section \<open>The energy of the scaled recursion\<close>

definition energy :: "real^'n^'n \<Rightarrow> real \<Rightarrow> real \<Rightarrow> real^'n \<Rightarrow> real^'n \<Rightarrow> real" where
  "energy H \<alpha> \<beta> p v = \<alpha> * (p \<bullet> (H *v p)) + (\<alpha> + \<beta>) * \<beta> / 2 * norm (H *v p) ^ 2
     + (\<alpha> + \<beta>) * (p \<bullet> (H *v v)) + norm v ^ 2"

lemma energy_step_eq:
  fixes H :: "real^'n^'n"
  assumes H_sym: "transpose H = H"
  shows "energy H \<alpha> \<beta> (p + v) (v - \<alpha> *\<^sub>R (H *v p) - (\<alpha> + \<beta>) *\<^sub>R (H *v v))
     + \<alpha> * \<beta> * norm (H *v p) ^ 2 + \<beta> * (v \<bullet> (H *v v)) - \<beta> * (\<alpha> + \<beta>) / 2 * norm (H *v v) ^ 2
     = energy H \<alpha> \<beta> p v"
proof -
  define h where "h = H *v p"
  define g where "g = H *v v"
  note sym_inner = inner_matrix_vector_symmetric[OF H_sym]
  have "p \<bullet> (H *v h) = h \<bullet> h" "v \<bullet> (H *v h) = g \<bullet> h" "p \<bullet> (H *v g) = h \<bullet> g"
       "v \<bullet> (H *v g) = g \<bullet> g" "p \<bullet> g = h \<bullet> v" "g \<bullet> p = h \<bullet> v"
    using sym_inner[of p h] sym_inner[of v h] sym_inner[of p g] sym_inner[of v g] sym_inner[of p v]
    by (simp_all add: h_def g_def inner_commute)
  then show ?thesis
    unfolding energy_def power2_norm_eq_inner h_def[symmetric] g_def[symmetric]
    by (simp add: matrix_vector_right_distrib matrix_vector_mult_diff_distrib
        matrix_vector_mult_scaleR inner_add_left inner_add_right inner_diff_left inner_diff_right
        h_def[symmetric] g_def[symmetric] inner_commute algebra_simps)
qed

lemma energy_complete_square:
  fixes H :: "real^'n^'n"
  assumes H_sym: "transpose H = H"
  shows "energy H \<alpha> \<beta> p v = norm (v + ((\<alpha> + \<beta>)/2) *\<^sub>R (H *v p)) ^ 2 + \<alpha> * (p \<bullet> (H *v p))
     + (\<beta>\<^sup>2 - \<alpha>\<^sup>2)/4 * norm (H *v p) ^ 2"
proof -
  have "p \<bullet> (H *v v) = (H *v p) \<bullet> v" by (rule inner_matrix_vector_symmetric[OF H_sym])
  then show ?thesis
    unfolding energy_def power2_norm_eq_inner
    by (simp add: inner_add_left inner_add_right inner_commute algebra_simps power2_eq_square)
       (simp add: field_simps)
qed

::::::::

Give back, exactly as written, the stretch from the line with "define g where" through the line with "unfolding energy_def power2_norm_eq_inner h_def[symmetric]", and no other lines from the records above.

  define g where "g = H *v v"
  note sym_inner = inner_matrix_vector_symmetric[OF H_sym]
  have "p \<bullet> (H *v h) = h \<bullet> h" "v \<bullet> (H *v h) = g \<bullet> h" "p \<bullet> (H *v g) = h \<bullet> g"
       "v \<bullet> (H *v g) = g \<bullet> g" "p \<bullet> g = h \<bullet> v" "g \<bullet> p = h \<bullet> v"
    using sym_inner[of p h] sym_inner[of v h] sym_inner[of p g] sym_inner[of v g] sym_inner[of p v]
    by (simp_all add: h_def g_def inner_commute)
  then show ?thesis
    unfolding energy_def power2_norm_eq_inner h_def[symmetric] g_def[symmetric]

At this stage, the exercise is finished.